Purpose: Once client approves, schedule the article for its publish date.

  • Client has approved the article
  • In WordPress, click PublishSchedule
  • Set the publish date/time from Content Calendar
  • Click Schedule

9. Post-Publish: Notify Social Team

Purpose: Social media team needs the live article link to promote it.

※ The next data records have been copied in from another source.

lemma gr_hom_grD: "diffop phi n P \<Longrightarrow> gr_hom phi n P \<in> grD phi"
proof -
  assume P: "diffop phi n P"
  have "{l. gr_hom phi n P l \<noteq> gr_zero phi l} \<subseteq> {n}"
    unfolding gr_hom_def gr_zero_def by auto
  then have "finite {l. gr_hom phi n P l \<noteq> gr_zero phi l}"
    using finite_subset by blast
  then show ?thesis
    unfolding grD_def using diffop_if[OF P] gr_hom_apply by blast
qed

lemma gr_zero_grD: "gr_zero phi \<in> grD phi"
  unfolding grD_def gr_zero_def by (auto intro: diffop_zero)

lemma HS_D0: "HS phi m D \<Longrightarrow> D 0 x = x"
  unfolding HS_def by simp

lemma HS_klin: "HS phi m D \<Longrightarrow> klin phi (D i)"
  unfolding HS_def by (metis klin_zero not_le)

lemma HS_vanish: "HS phi m D \<Longrightarrow> \<not> enat i \<le> m \<Longrightarrow> D i = (\<lambda>_. 0)"
  unfolding HS_def by (simp add: not_le)

lemma HS_leibniz: "HS phi m D \<Longrightarrow> enat i \<le> m \<Longrightarrow> D i (x * y) = (\<Sum>r\<le>i. D r x * D (i - r) y)"
  unfolding HS_def by simp

lemma HS_commutator:
  "HS phi m D \<Longrightarrow> enat (Suc k) \<le> m \<Longrightarrow>
     commutator (D (Suc k)) a x = (\<Sum>r\<le>k. D (Suc r) a * D (k - r) x)"
  by (simp add: HS_leibniz sum.atMost_Suc_shift HS_D0 del: sum.atMost_Suc)

lemma HS_diffop:
  assumes H: "HS phi m D"
  shows "diffop phi i (D i)"
proof (induction i rule: less_induct)
  case (less i)
  show ?case
  proof (cases i)
    case 0 then show ?thesis using HS_D0[OF H] diffop_id[of phi] by (simp add: id_def)
  next
    case (Suc k)
    show ?thesis
    proof (cases "enat i \<le> m")
      case False then show ?thesis using HS_vanish[OF H False] diffop_zero by metis
    next
      case True
      have "diffop phi k (D (k - r))" if "r \<le> k" for r
        using diffop_mono[OF _ less.IH[of "k - r"]] Suc that by simp
      then have "diffop phi k (\<lambda>x. \<Sum>r\<le>k. D (Suc r) a * D (k - r) x)" for a
        by (intro diffop_sum diffop_scal) auto
      then show ?thesis
        using HS_klin[OF H] HS_commutator[OF H] True Suc by simp
    qed
  qed
qed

  • After article goes live, copy the published URL
  • Send to social media team (Slack channel TBD)
  • Include: Article title, URL, key points for social posts

10. Final: Update Tracking

Purpose: Keep Content Calendar current so everyone knows article status.

  • Open Content Calendar
  • Update your article's row:
  • Status = "Published"
  • Published URL = live article link
  • Publish Date = actual publish date
  • Confirm all fields are complete

Done When

  • All articles for the month published on schedule
  • Social team notified for each article
  • Content Calendar fully updated

If Stuck

  • Can't find authoritative source → Ask Ryan
  • Can't log in to WordPress → Ask Ryan for credentials
  • Not sure which category → Check similar published articles
  • SME/Expert unclear → Ask Ryan
  • Client feedback unclear → Ask for clarification in Slack
  • Disagree with client feedback → Talk to Ryan FIRST (see Client Content Review SOP)
  • Not sure how to respond to client → See Client Content Review SOP
  • WordPress formatting broken → Check for extra HTML tags
  • Can't get public preview link → Ask Ryan for help

FAQ

Q: How many articles per month? A: Typically 4 (one per week). Check Content Calendar for exact count.

Q: Can I use non-government sources? A: Yes, but prefer government sources when available. Never quote competitor accounting/tax firms.

Q: What if the topic is too broad? A: Flag in Slack. Ryan may split into a series or narrow the scope.

Q: What if client requests changes I disagree with? A: Do NOT respond to client directly. Message Ryan first with your reasoning. He'll review before you reply.

Q: Where do images come from? A: Ask Ryan for image sourcing guidelines. Image must match the article topic.

Q: What's the difference between Draft and Pending status? A: Draft = still working. Pending = ready for review. Use Draft unless told otherwise.

Q: Do I need outline approval before writing? A: No. Write all articles and save as drafts. Ryan reviews on draft.

Q: Which site does my article go on? A: Assurance/Audit/Attest topics → WW CPAs. Tax/Consulting topics → WW MF.

Q: How many sources do I need? A: At least 3 external sources and 3 internal links per article.

Q: What if an old blog post I want to link to has outdated info? A: Do not link to it. Find a different article or skip that internal link. Flag the outdated article to Ryan.

Q: What makes a good WhippleWood article? A: Natural voice (not AI-sounding), fact-checked, no repetition, aligns with brand voice, relevant images.

Q: Client hasn't responded to my review request. What do I do? A: 3 days: follow up + notify Ryan. 7 days: Ryan will mention in weekly call. Use judgment based on publish deadline.